We arrive at our serviced apartments, and marvel at the size, everything is big, high ceilings, large spacious rooms. Space is not at a premium here and everything is spread out, roads are wide, houses are big. We calculate that the children’s bedroom is probably the size of the first floor of our house in London. And this is not a particularly upmarket place. Very quickly the place looks like a bombsite as various things get unpacked and spread around. 

<-- our apartment block

Next challenge, getting some food, we haven’t had anything to eat in 8 hours so we enquire about food and are handed over some take away menus. But as we look through the menus, the only thing we can make out is a Dominos logo, everything else is in Arabic, even the phone numbers. One of the porters kindly converts the phone numbers and as Dominos weren’t answering their phone (something else to get used to), we decide to go with some local food and order things at random as we have no idea what’s what. We’re in for a bit of a surprise when the food turns up as it takes 4 people to bring it all in. We have a banquet on our hands! There’s enough for a dozen people but it’s delicious, divine fresh juice smoothies, naan style bread, kebabs, houmous, aubergine paste, bright pink pickled vegetables and some other vegetable assortments. Boy did we enjoy it. 

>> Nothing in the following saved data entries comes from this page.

(* Let $G=(X,b,m,c)$ be a weighted graph, $p\in(1,\infty)$ and $o\in X$. Let $f\in D^p$ and let $(f_n)$ be a sequence in $D^p$. If $f_n\to f$ pointwise and $\limsup_{n\to\infty}\mathcal{E}_p(f_n)\le\mathcal{E}_p(f)$, then $\|f_n-f\|_{o,p}\to0$.
   Context: Weighted graph $G=(X,b,m,c)$: $X$ countably infinite; $b$ symmetric, nonnegative, zero on the diagonal, $\sum_yb(x,y)<\infty$; $m>0$; $c\colon X\to[0,\infty)$; $x\sim y$ iff $b(x,y)>0$; $X$ connected. $\mathcal{E}_p(f)=\frac12\sum_{x,y}b(x,y)|f(x)-f(y)|^p+\sum_xc(x)|f(x)|^p$, $D^p=\{f:\mathcal{E}_p(f)<\infty\}$, $\|f\|_{o,p}=(\mathcal{E}_p(f)+|f(o)|^p)^{1/p}$. *)

theory Defs
  imports "HOL-Analysis.Analysis" "HOL-Library.Countable" "HOL-Library.Liminf_Limsup"
begin

definition weighted_graph ::
  "('a::countable \<Rightarrow> 'a \<Rightarrow> real) \<Rightarrow> ('a \<Rightarrow> real) \<Rightarrow> ('a \<Rightarrow> real) \<Rightarrow> bool" where
  "weighted_graph b m c \<longleftrightarrow>
     infinite (UNIV :: 'a set) \<and>
     (\<forall>x y. b x y = b y x) \<and> (\<forall>x y. 0 \<le> b x y) \<and> (\<forall>x. b x x = 0) \<and>
     (\<forall>x. (\<lambda>y. b x y) summable_on UNIV) \<and>
     (\<forall>x. 0 < m x) \<and> (\<forall>x. 0 \<le> c x) \<and>
     (\<forall>x y. (x, y) \<in> {(u, v). 0 < b u v}\<^sup>*)"

definition in_Dp :: "('a \<Rightarrow> 'a \<Rightarrow> real) \<Rightarrow> ('a \<Rightarrow> real) \<Rightarrow> real \<Rightarrow> ('a \<Rightarrow> real) \<Rightarrow> bool" where
  "in_Dp b c p f \<longleftrightarrow>
     (\<lambda>(x, y). b x y * \<bar>f x - f y\<bar> powr p) summable_on UNIV \<and>
     (\<lambda>x. c x * \<bar>f x\<bar> powr p) summable_on UNIV"

definition energy :: "('a \<Rightarrow> 'a \<Rightarrow> real) \<Rightarrow> ('a \<Rightarrow> real) \<Rightarrow> real \<Rightarrow> ('a \<Rightarrow> real) \<Rightarrow> real" where
  "energy b c p f =
     (1/2) * (\<Sum>\<^sub>\<infinity>(x, y)\<in>UNIV. b x y * \<bar>f x - f y\<bar> powr p)
     + (\<Sum>\<^sub>\<infinity>x\<in>UNIV. c x * \<bar>f x\<bar> powr p)"

definition norm_op :: "('a \<Rightarrow> 'a \<Rightarrow> real) \<Rightarrow> ('a \<Rightarrow> real) \<Rightarrow> real \<Rightarrow> 'a \<Rightarrow> ('a \<Rightarrow> real) \<Rightarrow> real" where
  "norm_op b c p v0 f = (energy b c p f + \<bar>f v0\<bar> powr p) powr (1 / p)"

end

theory Submission
  imports Defs
begin

text \<open>
  Since \<open>\<bar>x - y\<bar>\<^sup>p \<le> 2\<^sup>p (\<bar>x\<bar>\<^sup>p + \<bar>y\<bar>\<^sup>p)\<close>, the terms
  \<open>2\<^sup>p (\<bar>f\<^sub>n\<bar>\<^sup>p + \<bar>f\<bar>\<^sup>p) - \<bar>f\<^sub>n - f\<bar>\<^sup>p\<close> of each of the two series in the energy
  (taken over differences along edges for the first one) are nonnegative and converge pointwise
  to \<open>2\<^sup>p\<^sup>+\<^sup>1 \<bar>f\<bar>\<^sup>p\<close>. Fatou's lemma for these series yields
  \<open>limsup E(f\<^sub>n - f) \<le> 2\<^sup>p (limsup E(f\<^sub>n) - E(f)) \<le> 0\<close>, and the value at the base
  point converges by pointwise convergence.
\<close>

lemma abs_diff_powr_le:
  fixes x y p :: real
  assumes "0 \<le> p"
  shows "\<bar>x - y\<bar> powr p \<le> 2 powr p * (\<bar>x\<bar> powr p + \<bar>y\<bar> powr p)"
proof -
  define M where "M = max \<bar>x\<bar> \<bar>y\<bar>"
  have "\<bar>x - y\<bar> powr p \<le> (2 * M) powr p"
    unfolding M_def using assms by (intro powr_mono2) auto
  also have "\<dots> = 2 powr p * M powr p"
    unfolding M_def by (simp add: powr_mult)
  also have "M powr p \<le> \<bar>x\<bar> powr p + \<bar>y\<bar> powr p"
    unfolding M_def by (simp add: max_def)
  finally show ?thesis
    by (simp add: mult_left_mono)
qed

lemma infsum_Fatou:
  fixes h :: "nat \<Rightarrow> 'i \<Rightarrow> real"
  assumes nonneg: "\<And>n i. i \<in> A \<Longrightarrow> 0 \<le> h n i"
    and summable: "\<And>n. h n summable_on A"
    and lim: "\<And>i. i \<in> A \<Longrightarrow> (\<lambda>n. h n i) \<longlonglongrightarrow> g i"
    and "g summable_on A"
    and "a < infsum g A"
  shows "\<forall>\<^sub>F n in sequentially. a < infsum (h n) A"
proof -
  have "(sum g \<longlongrightarrow> infsum g A) (finite_subsets_at_top A)"
    using has_sum_infsum[OF \<open>g summable_on A\<close>] unfolding has_sum_def .
  then have "\<forall>\<^sub>F F in finite_subsets_at_top A. a < sum g F"
    using \<open>a < infsum g A\<close> by (rule order_tendstoD)
  then obtain F where F: "finite F" "F \<subseteq> A" "a < sum g F"
    unfolding eventually_finite_subsets_at_top by blast
  have "(\<lambda>n. sum (h n) F) \<longlonglongrightarrow> sum g F"
    using F(2) by (intro tendsto_sum lim) auto
  then have "\<forall>\<^sub>F n in sequentially. a < sum (h n) F"
    using F(3) by (rule order_tendstoD)
  moreover have "sum (h n) F \<le> infsum (h n) A" for n
    using summable F(1,2) nonneg by (intro finite_sum_le_infsum) auto
  ultimately show ?thesis
    by (metis (mono_tags, lifting) eventually_mono less_le_trans)
qed

lemma eventually_weighted_powr_sum_diff_less:
  fixes w v :: "'i \<Rightarrow> real" and u :: "nat \<Rightarrow> 'i \<Rightarrow> real"
  assumes p: "0 < p" and w: "\<And>i. i \<in> A \<Longrightarrow> 0 \<le> w i"
    and lim: "\<And>i. i \<in> A \<Longrightarrow> (\<lambda>n. u n i) \<longlonglongrightarrow> v i"
    and summable_v: "(\<lambda>i. w i * \<bar>v i\<bar> powr p) summable_on A"
    and summable_u: "\<And>n. (\<lambda>i. w i * \<bar>u n i\<bar> powr p) summable_on A"
    and "0 < \<delta>"
  shows "\<forall>\<^sub>F n in sequentially.
           (\<Sum>\<^sub>\<infinity>i\<in>A. w i * \<bar>u n i - v i\<bar> powr p)
             < 2 powr p * ((\<Sum>\<^sub>\<infinity>i\<in>A. w i * \<bar>u n i\<bar> powr p) - (\<Sum>\<^sub>\<infinity>i\<in>A. w i * \<bar>v i\<bar> powr p)) + \<delta>"
proof -
  define C :: real where "C = 2 powr p"
  define a where "a i = w i * \<bar>v i\<bar> powr p" for i
  define s where "s n i = w i * \<bar>u n i\<bar> powr p" for n i
  define t where "t n i = w i * \<bar>u n i - v i\<bar> powr p" for n i
  define h where "h n i = C * s n i + C * a i - t n i" for n i
  have summable_a: "a summable_on A"
    using summable_v unfolding a_def .
  have summable_bound: "(\<lambda>i. C * s n i + C * a i) summable_on A" for n
    using summable_u summable_a
    unfolding s_def by (intro summable_on_add summable_on_cmult_right)
  have t_le: "t n i \<le> C * s n i + C * a i" if "i \<in> A" for n i
    using mult_left_mono[OF abs_diff_powr_le[of p "u n i" "v i"] w[OF that]] p
    unfolding t_def s_def a_def C_def by (simp add: algebra_simps)
  have t_nonneg: "0 \<le> t n i" if "i \<in> A" for n i
    using w[OF that] unfolding t_def by simp
  have summable_t: "t n summable_on A" for n
    using summable_bound t_le t_nonneg by (rule summable_on_comparison_test)
  have summable_h: "h n summable_on A" for n
    using summable_bound[of n] unfolding h_def
    by (rule summable_on_comparison_test) (use t_le t_nonneg in auto)
  have h_lim: "(\<lambda>n. h n i) \<longlonglongrightarrow> 2 * C * a i" if "i \<in> A" for i
  proof -
    have "(\<lambda>n. C * (w i * \<bar>u n i\<bar> powr p) + C * a i - w i * \<bar>u n i - v i\<bar> powr p)
        \<longlonglongrightarrow> C * (w i * \<bar>v i\<bar> powr p) + C * a i - w i * \<bar>v i - v i\<bar> powr p"
      using p by (intro tendsto_intros lim[OF that]) auto
    then show ?thesis
      using p unfolding h_def s_def t_def a_def by (simp add: mult.assoc)
  qed
  have "2 * C * infsum a A - \<delta> < infsum (\<lambda>i. 2 * C * a i) A"
    using \<open>0 < \<delta>\<close> by (simp add: infsum_cmult_right')
  then have Fatou: "\<forall>\<^sub>F n in sequentially. 2 * C * infsum a A - \<delta> < infsum (h n) A"
    using t_le summable_h h_lim summable_on_cmult_right[OF summable_a]
    by (intro infsum_Fatou) (auto simp: h_def)
  have sum_split: "infsum (h n) A + infsum (t n) A = C * infsum (s n) A + C * infsum a A" for n
  proof -
    have "infsum (h n) A + infsum (t n) A = infsum (\<lambda>i. C * s n i + C * a i) A"
      using summable_h summable_t by (simp add: infsum_add[symmetric] h_def)
    also have "\<dots> = C * infsum (s n) A + C * infsum a A"
      using summable_u summable_a unfolding s_def
      by (simp add: infsum_add summable_on_cmult_right infsum_cmult_right')
    finally show ?thesis .
  qed
  have "infsum (t n) A < C * (infsum (s n) A - infsum a A) + \<delta>"
    if "2 * C * infsum a A - \<delta> < infsum (h n) A" for n
    using that sum_split[of n] by (simp add: algebra_simps)
  with Fatou show ?thesis
    unfolding C_def t_def s_def a_def by (auto elim: eventually_mono)
qed

lemma energy_nonneg:
  assumes "\<And>x y. 0 \<le> b x y" and "\<And>x. 0 \<le> c x"
  shows "0 \<le> energy b c p f"
  unfolding energy_def using assms by (auto intro!: add_nonneg_nonneg infsum_nonneg)

lemma eventually_energy_diff_less:
  fixes b :: "'a \<Rightarrow> 'a \<Rightarrow> real" and c f :: "'a \<Rightarrow> real" and fs :: "nat \<Rightarrow> 'a \<Rightarrow> real"
  assumes b: "\<And>x y. 0 \<le> b x y" and c: "\<And>x. 0 \<le> c x" and "0 < p"
    and f: "in_Dp b c p f" and fs: "\<And>n. in_Dp b c p (fs n)"
    and lim: "\<And>x. (\<lambda>n. fs n x) \<longlonglongrightarrow> f x"
    and "0 < \<delta>"
  shows "\<forall>\<^sub>F n in sequentially.
           energy b c p (fs n - f) < 2 powr p * (energy b c p (fs n) - energy b c p f) + \<delta>"
proof -
  define P where "P g = (\<Sum>\<^sub>\<infinity>(x, y)\<in>UNIV. b x y * \<bar>g x - g y\<bar> powr p)" for g :: "'a \<Rightarrow> real"
  define V where "V g = (\<Sum>\<^sub>\<infinity>x\<in>UNIV. c x * \<bar>g x\<bar> powr p)" for g :: "'a \<Rightarrow> real"
  have "\<forall>\<^sub>F n in sequentially. P (fs n - f) < 2 powr p * (P (fs n) - P f) + \<delta>"
    using eventually_weighted_powr_sum_diff_less[where w = "\<lambda>(x, y). b x y"
        and u = "\<lambda>n (x, y). fs n x - fs n y" and v = "\<lambda>(x, y). f x - f y" and A = UNIV]
      f fs lim b \<open>0 < p\<close> \<open>0 < \<delta>\<close>
    unfolding P_def in_Dp_def by (simp add: case_prod_unfold algebra_simps tendsto_diff)
  moreover have "\<forall>\<^sub>F n in sequentially. V (fs n - f) < 2 powr p * (V (fs n) - V f) + \<delta> / 2"
    using eventually_weighted_powr_sum_diff_less[where w = c and u = fs and v = f and A = UNIV]
      f fs lim c \<open>0 < p\<close> \<open>0 < \<delta>\<close>
    unfolding V_def in_Dp_def by simp
  moreover have "energy b c p g = P g / 2 + V g" for g
    unfolding energy_def P_def V_def by simp
  ultimately show ?thesis
    by (auto elim: eventually_elim2 simp: algebra_simps)
qed

lemma energy_diff_tendsto_zero:
  fixes b :: "'a \<Rightarrow> 'a \<Rightarrow> real" and c f :: "'a \<Rightarrow> real" and fs :: "nat \<Rightarrow> 'a \<Rightarrow> real"
  assumes b: "\<And>x y. 0 \<le> b x y" and c: "\<And>x. 0 \<le> c x" and "0 < p"
    and f: "in_Dp b c p f" and fs: "\<And>n. in_Dp b c p (fs n)"
    and lim: "\<And>x. (\<lambda>n. fs n x) \<longlonglongrightarrow> f x"
    and limsup: "limsup (\<lambda>n. ereal (energy b c p (fs n))) \<le> ereal (energy b c p f)"
  shows "(\<lambda>n. energy b c p (fs n - f)) \<longlonglongrightarrow> 0"
proof (rule order_tendstoI)
  fix a :: real
  assume "a < 0"
  moreover have "0 \<le> energy b c p g" for g
    using b c by (rule energy_nonneg)
  ultimately show "\<forall>\<^sub>F n in sequentially. a < energy b c p (fs n - f)"
    by (auto intro!: always_eventually intro: less_le_trans)
next
  fix \<epsilon> :: real
  assume "0 < \<epsilon>"
  define C :: real where "C = 2 powr p"
  define \<delta> where "\<delta> = \<epsilon> / (C + 1)"
  have "0 < C + 1"
    by (simp add: C_def add_pos_pos)
  then have "0 < \<delta>" and \<epsilon>_eq: "\<epsilon> = (C + 1) * \<delta>"
    using \<open>0 < \<epsilon>\<close> by (simp_all add: \<delta>_def)
  have "limsup (\<lambda>n. ereal (energy b c p (fs n))) < ereal (energy b c p f + \<delta>)"
    using limsup \<open>0 < \<delta>\<close> by (simp add: le_less_trans)
  then have "\<forall>\<^sub>F n in sequentially. energy b c p (fs n) < energy b c p f + \<delta>"
    by (auto dest: Limsup_lessD)
  moreover have "\<forall>\<^sub>F n in sequentially.
      energy b c p (fs n - f) < C * (energy b c p (fs n) - energy b c p f) + \<delta>"
    unfolding C_def using b c \<open>0 < p\<close> f fs lim \<open>0 < \<delta>\<close> by (rule eventually_energy_diff_less)
  ultimately show "\<forall>\<^sub>F n in sequentially. energy b c p (fs n - f) < \<epsilon>"
  proof eventually_elim
    case (elim n)
    have "C * (energy b c p (fs n) - energy b c p f) \<le> C * \<delta>"
      using elim(1) by (simp add: C_def)
    with elim(2) show ?case
      unfolding \<epsilon>_eq distrib_right by linarith
  qed
qed

theorem lemma2p4:
  fixes b :: "'a::countable \<Rightarrow> 'a \<Rightarrow> real" and m c :: "'a \<Rightarrow> real"
    and p :: real and v0 :: 'a and f :: "'a \<Rightarrow> real" and fs :: "nat \<Rightarrow> 'a \<Rightarrow> real"
  assumes "weighted_graph b m c"
    and "1 < p"
    and "in_Dp b c p f"
    and "\<forall>n. in_Dp b c p (fs n)"
    and "\<forall>x. (\<lambda>n. fs n x) \<longlonglongrightarrow> f x"
    and "limsup (\<lambda>n. ereal (energy b c p (fs n))) \<le> ereal (energy b c p f)"
  shows "(\<lambda>n. norm_op b c p v0 (fs n - f)) \<longlonglongrightarrow> 0"
proof -
  have b: "\<And>x y. 0 \<le> b x y" and c: "\<And>x. 0 \<le> c x" and "0 < p"
    using assms(1,2) unfolding weighted_graph_def by auto
  have "(\<lambda>n. energy b c p (fs n - f)) \<longlonglongrightarrow> 0"
    using b c \<open>0 < p\<close> assms(3-6) by (intro energy_diff_tendsto_zero) auto
  moreover have "(\<lambda>n. \<bar>(fs n - f) v0\<bar> powr p) \<longlonglongrightarrow> 0"
  proof (rule tendsto_zero_powrI)
    show "(\<lambda>n. \<bar>(fs n - f) v0\<bar>) \<longlonglongrightarrow> 0"
      using tendsto_diff[OF assms(5)[rule_format, of v0] tendsto_const[of "f v0"]]
      by (simp add: tendsto_rabs_zero_iff)
  qed (use \<open>0 < p\<close> in auto)
  ultimately have "(\<lambda>n. energy b c p (fs n - f) + \<bar>(fs n - f) v0\<bar> powr p) \<longlonglongrightarrow> 0"
    using tendsto_add by fastforce
  from tendsto_zero_powrI[OF this tendsto_const[of "1 / p"]] show ?thesis
    unfolding norm_op_def using energy_nonneg[of b c] b c \<open>0 < p\<close> by auto
qed

end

That pretty much ends the day, we’re all off to bed after that, Rosalie is on a mattress on the floor (we decided to leave the travel cot behind to limit our luggage weight) which she loves as she can get up and wonder around as she pleases. Takes a while to get her settled but she is so tired she finally collapses. Same with the parents. Morning starts early, as I hear Rosalie wondering around the apartment in the dark at 4am UK time, she’s looking for us and I find her at the front door trying to get out! Dirk kindly does the early morning shift, while we all try and get more sleep. Seb is next, in true Seb style he wakes up in a real state convinced he is being attacked by a swarm of insects, and is adamant that he can hear buzzing inside his head. I send him back and tell him it’s all a bad dream Unfortunately when the children wake up, I realise that we’ve got some company, and they sure had a feast during the night, Seb and Rosalie get off lightly but poor Oliver is covered in large ugly mosquito bites, we counted 40 in total including one on his ear which has caused it to swell up and turn a deep red.  Poor Oli, he doesn’t complain though.